:: Task item ::
Scan the data below and give the number of lines that include the word "noteq", with no other words.

:: Data ::
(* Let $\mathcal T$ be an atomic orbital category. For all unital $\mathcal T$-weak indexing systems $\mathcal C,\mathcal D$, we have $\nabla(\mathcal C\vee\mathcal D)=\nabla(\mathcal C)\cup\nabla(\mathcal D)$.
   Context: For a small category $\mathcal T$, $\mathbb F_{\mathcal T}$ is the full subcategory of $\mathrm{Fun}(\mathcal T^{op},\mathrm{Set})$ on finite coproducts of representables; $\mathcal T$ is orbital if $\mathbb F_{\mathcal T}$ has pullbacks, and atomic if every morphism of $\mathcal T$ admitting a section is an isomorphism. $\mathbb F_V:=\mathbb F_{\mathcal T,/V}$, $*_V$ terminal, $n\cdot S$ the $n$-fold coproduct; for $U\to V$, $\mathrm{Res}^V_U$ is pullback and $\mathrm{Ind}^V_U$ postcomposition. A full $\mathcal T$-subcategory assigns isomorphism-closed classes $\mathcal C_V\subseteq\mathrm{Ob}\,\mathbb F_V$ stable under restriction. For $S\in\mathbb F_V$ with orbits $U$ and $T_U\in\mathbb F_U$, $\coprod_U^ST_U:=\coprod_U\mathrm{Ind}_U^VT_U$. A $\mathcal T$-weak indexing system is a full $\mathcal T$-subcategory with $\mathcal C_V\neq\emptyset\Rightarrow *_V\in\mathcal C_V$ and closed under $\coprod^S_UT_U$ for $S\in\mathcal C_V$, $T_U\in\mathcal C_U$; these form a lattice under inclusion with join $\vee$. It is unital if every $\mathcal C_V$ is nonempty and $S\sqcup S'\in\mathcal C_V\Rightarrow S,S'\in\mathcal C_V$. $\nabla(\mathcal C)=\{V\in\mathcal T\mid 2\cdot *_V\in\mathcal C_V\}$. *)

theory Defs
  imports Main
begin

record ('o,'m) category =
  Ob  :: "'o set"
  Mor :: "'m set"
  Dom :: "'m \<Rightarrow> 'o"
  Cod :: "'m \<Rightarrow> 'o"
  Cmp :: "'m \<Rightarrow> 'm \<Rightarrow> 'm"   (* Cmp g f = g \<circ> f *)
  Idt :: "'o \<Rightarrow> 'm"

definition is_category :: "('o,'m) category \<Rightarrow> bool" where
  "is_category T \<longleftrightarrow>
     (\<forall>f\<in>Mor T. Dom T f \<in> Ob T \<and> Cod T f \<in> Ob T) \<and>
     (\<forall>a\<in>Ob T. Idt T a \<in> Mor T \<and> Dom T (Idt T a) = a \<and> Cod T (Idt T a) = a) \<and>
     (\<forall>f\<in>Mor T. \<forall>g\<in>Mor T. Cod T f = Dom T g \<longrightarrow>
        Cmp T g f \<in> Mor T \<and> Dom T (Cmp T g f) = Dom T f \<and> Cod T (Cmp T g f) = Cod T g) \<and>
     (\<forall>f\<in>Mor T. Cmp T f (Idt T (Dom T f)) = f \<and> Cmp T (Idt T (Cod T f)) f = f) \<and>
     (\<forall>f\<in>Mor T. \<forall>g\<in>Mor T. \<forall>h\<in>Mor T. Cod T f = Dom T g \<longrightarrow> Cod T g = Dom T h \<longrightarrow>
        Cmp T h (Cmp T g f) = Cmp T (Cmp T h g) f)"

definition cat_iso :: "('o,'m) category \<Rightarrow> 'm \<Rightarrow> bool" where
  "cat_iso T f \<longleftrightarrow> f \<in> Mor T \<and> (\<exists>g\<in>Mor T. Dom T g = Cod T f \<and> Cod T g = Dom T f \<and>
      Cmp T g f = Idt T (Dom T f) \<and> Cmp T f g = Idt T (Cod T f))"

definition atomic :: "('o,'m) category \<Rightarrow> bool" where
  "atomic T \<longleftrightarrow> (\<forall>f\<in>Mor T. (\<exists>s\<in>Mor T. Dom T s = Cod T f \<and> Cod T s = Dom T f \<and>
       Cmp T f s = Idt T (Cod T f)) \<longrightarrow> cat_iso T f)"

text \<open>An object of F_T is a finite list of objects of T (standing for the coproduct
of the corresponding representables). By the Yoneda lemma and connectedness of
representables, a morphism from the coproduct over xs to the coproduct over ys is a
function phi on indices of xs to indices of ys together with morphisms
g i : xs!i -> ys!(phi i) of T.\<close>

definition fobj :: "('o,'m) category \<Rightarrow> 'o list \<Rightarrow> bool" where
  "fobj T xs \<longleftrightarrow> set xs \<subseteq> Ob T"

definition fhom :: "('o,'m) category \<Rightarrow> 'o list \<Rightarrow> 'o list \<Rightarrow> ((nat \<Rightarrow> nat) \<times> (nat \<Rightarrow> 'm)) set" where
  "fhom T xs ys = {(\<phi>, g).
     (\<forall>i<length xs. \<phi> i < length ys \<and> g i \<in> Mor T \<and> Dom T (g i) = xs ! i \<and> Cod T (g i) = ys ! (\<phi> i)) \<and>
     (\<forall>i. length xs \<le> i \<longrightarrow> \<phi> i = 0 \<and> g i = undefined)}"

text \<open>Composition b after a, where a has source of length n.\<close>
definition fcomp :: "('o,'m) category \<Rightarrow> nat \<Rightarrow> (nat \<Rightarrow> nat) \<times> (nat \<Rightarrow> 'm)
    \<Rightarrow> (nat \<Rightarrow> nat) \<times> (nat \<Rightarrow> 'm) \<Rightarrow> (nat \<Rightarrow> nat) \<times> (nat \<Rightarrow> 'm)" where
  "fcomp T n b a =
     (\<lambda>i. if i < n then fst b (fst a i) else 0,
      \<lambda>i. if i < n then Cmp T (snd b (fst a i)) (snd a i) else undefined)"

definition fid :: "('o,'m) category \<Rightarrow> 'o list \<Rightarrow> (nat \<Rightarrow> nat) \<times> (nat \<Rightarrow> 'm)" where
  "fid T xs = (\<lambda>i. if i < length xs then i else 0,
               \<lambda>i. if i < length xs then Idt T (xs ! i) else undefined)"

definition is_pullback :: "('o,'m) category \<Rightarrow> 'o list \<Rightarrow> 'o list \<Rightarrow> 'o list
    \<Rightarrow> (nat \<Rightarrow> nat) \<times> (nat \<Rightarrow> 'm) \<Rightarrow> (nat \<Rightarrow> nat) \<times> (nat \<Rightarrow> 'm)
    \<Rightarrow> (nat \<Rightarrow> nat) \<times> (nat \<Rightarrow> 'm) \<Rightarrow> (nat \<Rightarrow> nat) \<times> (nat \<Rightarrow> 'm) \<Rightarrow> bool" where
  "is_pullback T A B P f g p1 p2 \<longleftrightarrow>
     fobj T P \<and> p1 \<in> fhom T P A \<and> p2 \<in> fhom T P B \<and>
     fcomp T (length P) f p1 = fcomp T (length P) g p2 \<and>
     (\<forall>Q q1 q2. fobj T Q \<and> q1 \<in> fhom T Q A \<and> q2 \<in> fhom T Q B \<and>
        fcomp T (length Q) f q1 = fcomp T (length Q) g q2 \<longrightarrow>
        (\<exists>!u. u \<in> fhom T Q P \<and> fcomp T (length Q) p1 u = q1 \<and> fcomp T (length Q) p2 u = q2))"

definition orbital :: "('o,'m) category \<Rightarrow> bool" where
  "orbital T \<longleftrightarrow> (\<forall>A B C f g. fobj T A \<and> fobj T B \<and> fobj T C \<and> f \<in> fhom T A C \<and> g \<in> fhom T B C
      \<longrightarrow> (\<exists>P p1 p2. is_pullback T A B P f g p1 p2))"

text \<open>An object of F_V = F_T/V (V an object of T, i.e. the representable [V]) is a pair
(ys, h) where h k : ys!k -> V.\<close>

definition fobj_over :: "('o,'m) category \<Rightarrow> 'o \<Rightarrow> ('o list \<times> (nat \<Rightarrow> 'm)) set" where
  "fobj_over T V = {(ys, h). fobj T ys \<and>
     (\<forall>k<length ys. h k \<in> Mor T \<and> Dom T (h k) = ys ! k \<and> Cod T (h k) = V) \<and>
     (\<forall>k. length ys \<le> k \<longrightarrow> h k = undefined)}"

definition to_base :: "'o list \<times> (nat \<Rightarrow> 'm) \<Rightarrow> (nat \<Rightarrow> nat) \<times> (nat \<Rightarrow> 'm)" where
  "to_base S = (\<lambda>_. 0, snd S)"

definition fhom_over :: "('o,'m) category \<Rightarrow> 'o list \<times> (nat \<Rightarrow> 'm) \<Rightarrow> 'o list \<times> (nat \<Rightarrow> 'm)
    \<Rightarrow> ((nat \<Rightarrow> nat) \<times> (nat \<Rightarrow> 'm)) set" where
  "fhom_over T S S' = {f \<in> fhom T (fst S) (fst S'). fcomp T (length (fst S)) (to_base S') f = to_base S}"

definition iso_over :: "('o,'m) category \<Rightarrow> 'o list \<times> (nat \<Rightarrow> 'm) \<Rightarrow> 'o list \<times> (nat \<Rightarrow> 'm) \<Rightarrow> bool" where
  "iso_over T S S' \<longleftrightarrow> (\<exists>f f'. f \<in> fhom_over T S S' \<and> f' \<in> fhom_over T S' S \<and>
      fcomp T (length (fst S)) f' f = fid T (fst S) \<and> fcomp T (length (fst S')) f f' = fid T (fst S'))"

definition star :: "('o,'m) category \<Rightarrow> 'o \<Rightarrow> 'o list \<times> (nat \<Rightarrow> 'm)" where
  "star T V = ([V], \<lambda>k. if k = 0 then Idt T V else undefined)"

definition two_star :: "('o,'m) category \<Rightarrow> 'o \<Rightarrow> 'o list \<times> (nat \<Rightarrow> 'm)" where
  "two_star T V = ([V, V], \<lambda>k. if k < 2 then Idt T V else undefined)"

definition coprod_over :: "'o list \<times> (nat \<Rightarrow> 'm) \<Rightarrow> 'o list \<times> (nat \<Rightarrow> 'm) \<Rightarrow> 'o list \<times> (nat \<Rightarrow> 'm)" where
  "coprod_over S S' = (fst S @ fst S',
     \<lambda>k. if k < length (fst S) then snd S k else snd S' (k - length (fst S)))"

* * *

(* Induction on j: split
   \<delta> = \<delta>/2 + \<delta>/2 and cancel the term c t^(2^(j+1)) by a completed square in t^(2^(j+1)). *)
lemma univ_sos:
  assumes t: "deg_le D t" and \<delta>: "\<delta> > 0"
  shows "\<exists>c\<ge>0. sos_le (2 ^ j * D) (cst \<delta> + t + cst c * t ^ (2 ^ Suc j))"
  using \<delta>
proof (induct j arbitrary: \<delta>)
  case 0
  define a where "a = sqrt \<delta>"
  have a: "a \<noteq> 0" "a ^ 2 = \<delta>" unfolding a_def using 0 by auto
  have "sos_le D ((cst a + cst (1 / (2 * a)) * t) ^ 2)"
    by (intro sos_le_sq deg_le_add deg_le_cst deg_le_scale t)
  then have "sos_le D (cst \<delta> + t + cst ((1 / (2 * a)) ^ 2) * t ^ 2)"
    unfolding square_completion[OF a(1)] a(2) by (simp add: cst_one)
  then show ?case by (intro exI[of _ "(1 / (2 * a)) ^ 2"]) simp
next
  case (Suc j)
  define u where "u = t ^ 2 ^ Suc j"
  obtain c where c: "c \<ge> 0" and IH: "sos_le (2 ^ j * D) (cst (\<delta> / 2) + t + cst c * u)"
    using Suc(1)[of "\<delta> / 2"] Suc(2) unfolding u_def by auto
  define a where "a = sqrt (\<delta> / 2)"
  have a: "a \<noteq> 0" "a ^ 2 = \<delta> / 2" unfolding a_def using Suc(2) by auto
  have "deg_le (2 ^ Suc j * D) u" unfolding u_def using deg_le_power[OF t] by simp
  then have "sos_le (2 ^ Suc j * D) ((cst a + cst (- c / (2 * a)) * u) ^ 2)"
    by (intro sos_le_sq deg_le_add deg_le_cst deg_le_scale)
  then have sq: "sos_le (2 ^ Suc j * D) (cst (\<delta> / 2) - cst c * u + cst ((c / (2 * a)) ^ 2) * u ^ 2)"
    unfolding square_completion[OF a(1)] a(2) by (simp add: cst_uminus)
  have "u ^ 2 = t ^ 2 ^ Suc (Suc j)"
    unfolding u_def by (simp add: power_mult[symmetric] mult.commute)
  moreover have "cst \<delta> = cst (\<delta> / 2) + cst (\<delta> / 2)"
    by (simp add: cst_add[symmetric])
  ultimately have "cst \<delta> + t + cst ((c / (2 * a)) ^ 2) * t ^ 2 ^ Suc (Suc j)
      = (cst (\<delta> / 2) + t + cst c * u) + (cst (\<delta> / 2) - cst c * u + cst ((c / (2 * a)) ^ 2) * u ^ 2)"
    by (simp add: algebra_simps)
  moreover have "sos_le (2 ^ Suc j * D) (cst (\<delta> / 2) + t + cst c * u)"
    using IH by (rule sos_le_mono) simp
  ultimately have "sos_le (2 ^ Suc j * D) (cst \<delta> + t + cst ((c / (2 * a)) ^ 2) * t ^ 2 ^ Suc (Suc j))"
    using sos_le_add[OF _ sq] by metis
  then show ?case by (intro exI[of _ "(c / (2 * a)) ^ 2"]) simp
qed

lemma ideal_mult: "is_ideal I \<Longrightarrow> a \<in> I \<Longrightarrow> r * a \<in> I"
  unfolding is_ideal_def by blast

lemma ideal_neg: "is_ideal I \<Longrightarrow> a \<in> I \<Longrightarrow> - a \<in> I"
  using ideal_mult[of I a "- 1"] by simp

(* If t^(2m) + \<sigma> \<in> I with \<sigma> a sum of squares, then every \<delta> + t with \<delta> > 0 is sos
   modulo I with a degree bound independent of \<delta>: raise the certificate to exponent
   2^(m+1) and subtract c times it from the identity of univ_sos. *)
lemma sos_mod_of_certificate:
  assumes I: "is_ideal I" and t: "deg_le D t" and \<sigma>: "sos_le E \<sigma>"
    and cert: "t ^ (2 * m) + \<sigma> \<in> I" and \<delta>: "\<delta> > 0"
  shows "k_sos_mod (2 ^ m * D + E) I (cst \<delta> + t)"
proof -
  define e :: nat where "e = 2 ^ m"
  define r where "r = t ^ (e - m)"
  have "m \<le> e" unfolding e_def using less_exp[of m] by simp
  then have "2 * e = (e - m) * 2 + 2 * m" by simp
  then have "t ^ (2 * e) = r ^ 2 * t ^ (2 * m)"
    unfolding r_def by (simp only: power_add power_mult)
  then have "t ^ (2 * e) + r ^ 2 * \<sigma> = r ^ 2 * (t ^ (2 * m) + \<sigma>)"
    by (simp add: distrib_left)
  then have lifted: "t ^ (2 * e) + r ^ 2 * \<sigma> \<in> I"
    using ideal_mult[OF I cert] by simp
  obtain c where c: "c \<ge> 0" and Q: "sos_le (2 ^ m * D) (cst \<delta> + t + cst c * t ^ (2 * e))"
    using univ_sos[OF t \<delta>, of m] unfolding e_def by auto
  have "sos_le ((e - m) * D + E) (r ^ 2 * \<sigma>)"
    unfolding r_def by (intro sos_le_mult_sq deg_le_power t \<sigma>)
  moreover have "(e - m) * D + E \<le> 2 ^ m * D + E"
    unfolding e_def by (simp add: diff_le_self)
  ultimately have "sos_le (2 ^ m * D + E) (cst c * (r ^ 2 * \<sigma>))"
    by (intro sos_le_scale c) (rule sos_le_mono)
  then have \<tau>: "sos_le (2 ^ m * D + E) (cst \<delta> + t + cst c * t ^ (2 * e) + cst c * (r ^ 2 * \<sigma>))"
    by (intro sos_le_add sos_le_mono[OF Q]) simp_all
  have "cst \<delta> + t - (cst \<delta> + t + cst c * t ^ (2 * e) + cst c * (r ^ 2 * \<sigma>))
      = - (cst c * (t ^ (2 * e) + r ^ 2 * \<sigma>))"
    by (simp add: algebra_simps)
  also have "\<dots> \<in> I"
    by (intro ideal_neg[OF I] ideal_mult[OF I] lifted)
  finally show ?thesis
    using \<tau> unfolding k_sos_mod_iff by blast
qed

:: Output of the task ::
2